Patent Application
20080030510
Referring to
The first GPU 130 may be integrated in the chipset 120 as an IGP (integrated processing platform), or a discrete device out of the chipset 120. The number of the GPUs is not limited. But in this embodiment, two GPUs including the first GPU 130 and the second GPU 150 are employed to illustrate how to work on a graphics context.
The CPU 110 divides graphics content into two parts for the two GPUs, such as a frame for the GPU 130 and a frame for the GPU 150, the upper frame for the GPU 130 and the lower frame for the GPU 150, and an odd line for the GPU 130 and an even line for the GPU 150. The above methods are symmetric loading for the two GPUs. Or the graphics content is divided into two parts with different sizes, such as ⅓ frame and the rest ⅔ frame, asymmetric loading for the two GPUs. A part of the graphics content is sent to the GPU 130 to process, and the processed result of the GPU 130 is sent to the graphics memory 140 to store. The other part of the graphics content is sent to the GPU 150 to process, and also the processed result of the GPU 150 is sent to the graphics memory 160 to store.

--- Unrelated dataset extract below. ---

(* Let $\mathcal A\in\mathbb Q^{n\times n\times n_3}$ with $\operatorname{Ind}_{QT}(\mathcal A)=k$, and let $\mathcal A^D\in\mathbb Q^{n\times n\times n_3}$ be its QT-Drazin inverse. Then $\mathtt{bcirc_z}(\mathcal A)^D=\mathtt{bcirc_z}(\mathcal A^D)$, where the left-hand side is the Drazin inverse of the quaternion matrix $\mathtt{bcirc_z}(\mathcal A)$.
   Context: $\mathbb Q$ denotes the real quaternions with the usual Hamilton multiplication; $\mathbb C$ is identified with $\{a_0+a_1\mathbf i\}$. Every quaternion array $A=A_0+A_1\mathbf i+A_2\mathbf j+A_3\mathbf k$ (real $A_t$) is written uniquely as $A=A_{\mathbf d}+\mathbf jA_{\mathbf c}$ with $A_{\mathbf d}=A_0+A_1\mathbf i$, $A_{\mathbf c}=A_2-A_3\mathbf i$. For $\mathcal A\in\mathbb Q^{n_1\times n_2\times n_3}$, $\mathcal A^{(s)}=\mathcal A(:,:,s)$. For a complex tensor $\mathcal C$, $\mathtt{bcirc}(\mathcal C)$ is the block circulant matrix with $(p,q)$ block $\mathcal C^{(((p-q)\bmod n_3)+1)}$. $P_{n_3}$ is the permutation matrix with first row $e_1^T$ and $r$-th row $e_{n_3+2-r}^T$ ($r\ge2$). $\mathtt{bcirc_z}(\mathcal A)=\mathtt{bcirc}(\mathcal A_{\mathbf d})+\mathbf j\,\mathtt{bcirc}(\mathcal A_{\mathbf c})(P_{n_3}\otimes I_{n_2})$. $\mathtt{unfold}(\mathcal B)=[\mathcal B^{(1)};\dots;\mathcal B^{(n_3)}]$, $\mathtt{fold}$ its inverse; QT-product $\mathcal A*_Q\mathcal B=\mathtt{fold}(\mathtt{bcirc_z}(\mathcal A)\mathtt{unfold}(\mathcal B))$; identity tensor $\mathcal I$: first frontal slice $I_n$, others zero; $\mathcal A^0=\mathcal I$, $\mathcal A^{k+1}=\mathcal A*_Q\mathcal A^k$. Conjugate transpose of a tensor: for complex $\mathcal C$, $\mathcal C^*$ has frontal slices $(\mathcal C^{(1)})^*$ and $(\mathcal C^{(n_3+2-s)})^*$ ($s\ge2$); $\mathcal A^*$ is defined by $\mathtt{unfold}(\mathcal A^* )=\mathtt{unfold}(\mathcal A_{\mathbf d}^* )-(P_{n_3}\otimes I_{n_2})\mathtt{unfold}(\mathcal A_{\mathbf c}^* )\mathbf j$; $\mathcal U$ is unitary if $\mathcal U^**_Q\mathcal U=\mathcal U*_Q\mathcal U^*=\mathcal I$. QT-rank: given a QT-SVD $\mathcal A=\mathcal U*_Q\mathcal S*_Q\mathcal V^*$ ($\mathcal U,\mathcal V$ unitary, every frontal slice of $\mathcal S$ diagonal), $\operatorname{rank}_{QT}(\mathcal A)=\#\{i\le\min(n_1,n_2):\|\mathcal S(i,i,:)\|_F>0\}$. QT-index $\operatorname{Ind}_{QT}(\mathcal A)$: least integer $k\ge0$ with $\operatorname{rank}_{QT}(\mathcal A^{k+1})=\operatorname{rank}_{QT}(\mathcal A^k)$. QT-Drazin inverse of $\mathcal A$ with $\operatorname{Ind}_{QT}(\mathcal A)=k$: a tensor $\mathcal X=\mathcal A^D$ with $\mathcal A^k*_Q\mathcal X*_Q\mathcal A=\mathcal A^k$, $\mathcal X*_Q\mathcal A*_Q\mathcal X=\mathcal X$, $\mathcal A*_Q\mathcal X=\mathcal X*_Q\mathcal A$. For a square quaternion matrix $M$, $\operatorname{Ind}(M)$ is the least $m\ge0$ with $\operatorname{rank}(M^{m+1})=\operatorname{rank}(M^m)$, and its Drazin inverse $M^D$ is the unique $X$ with $M^mXM=M^m$ ($m=\operatorname{Ind}(M)$), $XMX=X$, $MX=XM$. *)

theory Defs
  imports Complex_Main "Jordan_Normal_Form.Matrix"
begin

The processed result of the second GPU 150 is sent to a memory device (not shown) from the second graphics memory 160 via the chipset 120 if a display is connected to the first GPU 130. The memory device may be a main memory electrically connected to the chipset 120 or the CPU 110. And then the processed result of the second GPU 150 is sent to the first graphics memory 140 from the memory device to be combined with the other processed graphics content of the first GPU 130 which is also stored in the first graphics memory 140. Finally, the first GPU 130 gets the combined processed result from the first graphics memory 140 and then output it to the display.
Referring to
In step 201, a CPU issues a command stream to run an application program (AP), such as a game. In step 202, An API command stream is generated via the AP. In step 203, an API (application program interface), such as an OpenGL or Direct X, receives the API command stream, and generates a graphics command stream for a video driver (or called a graphics driver). In step 204, the video driver receives the graphics command stream and then generates the first GPU command stream for the first GPU and the second GPU command stream for the second GPU. In step 205, the first GPU command stream is sent to the first GPU and the second GPU command stream is sent to the second GPU. The two GPUs process the two GPU command streams separately. In step 206, the processed results of the GPU commands are combined via a chipset and a memory device to output to a display.
The video driver uses the commands such as Ready, Go and Wait to enable the two GPUs alternately for the synchronization between the two GPUs. When one GPU is enabled, the other one is waiting by the use of the command “Wait”. When the processes executing in the GPU are done, it transmits a command “Go” to the video driver 360. The video driver 360 transmits a command “Go” to the other GPU to enable the other GPU. Moreover, it will be understood by those skilled in the art that the executing sequence and the mass or structure of the data processed in the above steps can be dynamically modified but not limited to the sequence and structure disclosure in this embodiment. Furthermore, the video diver 360 can be implemented by the use of hardware, such as Integrated Circuit, IC, which depends on the demands of user.
In conclusion, the present invention uses a video driver to implement the distribution of GPU command streams, and then accelerates graphics processes by switching the GPUs. The present invention also uses a method to integrate data by the way of writing into/reading from the main memory for accessing the processed data and the use of a chipset having abilities of bidirectional data transmission among the CPU and the main memory and the GPUs. The present invention provides a multi-GPU rendering system without using any adding connector to the GPUs in the graphics processing system, any adding elements for integrating and synchronizing image information, or GPUs having the same performance. The multi-GPU rendering system is also not limited by GPUs using the same core or manufactured by the same manufacturer.
One skilled in the art will understand that the embodiment of the present invention as shown in the drawings and described above is exemplary only and not intended to be limiting.
The foregoing description of the preferred embodiment of the present invention has been presented for purposes of illustration and description. It is not intended to be exhaustive or to limit the invention to the precise form or to exemplary embodiments disclosed. Accordingly, the foregoing description should be regarded as illustrative rather than restrictive. Obviously, many modifications and variations will be apparent to practitioners skilled in this art. The embodiments are chosen and described in order to best explain the principles of the invention and its best mode practical application, thereby to enable persons skilled in the art to understand the invention for various embodiments and with various modifications as are suited to the particular use or implementation contemplated. It is intended that the scope of the invention be defined by the claims appended hereto and their equivalents in which all terms are meant in their broadest reasonable sense unless otherwise indicated. It should be appreciated that variations may be made in the embodiments described by persons skilled in the art without departing from the scope of the present invention as defined by the following claims. Moreover, no element and component in the present disclosure is intended to be dedicated to the public regardless of whether the element or component is explicitly recited in the following claims.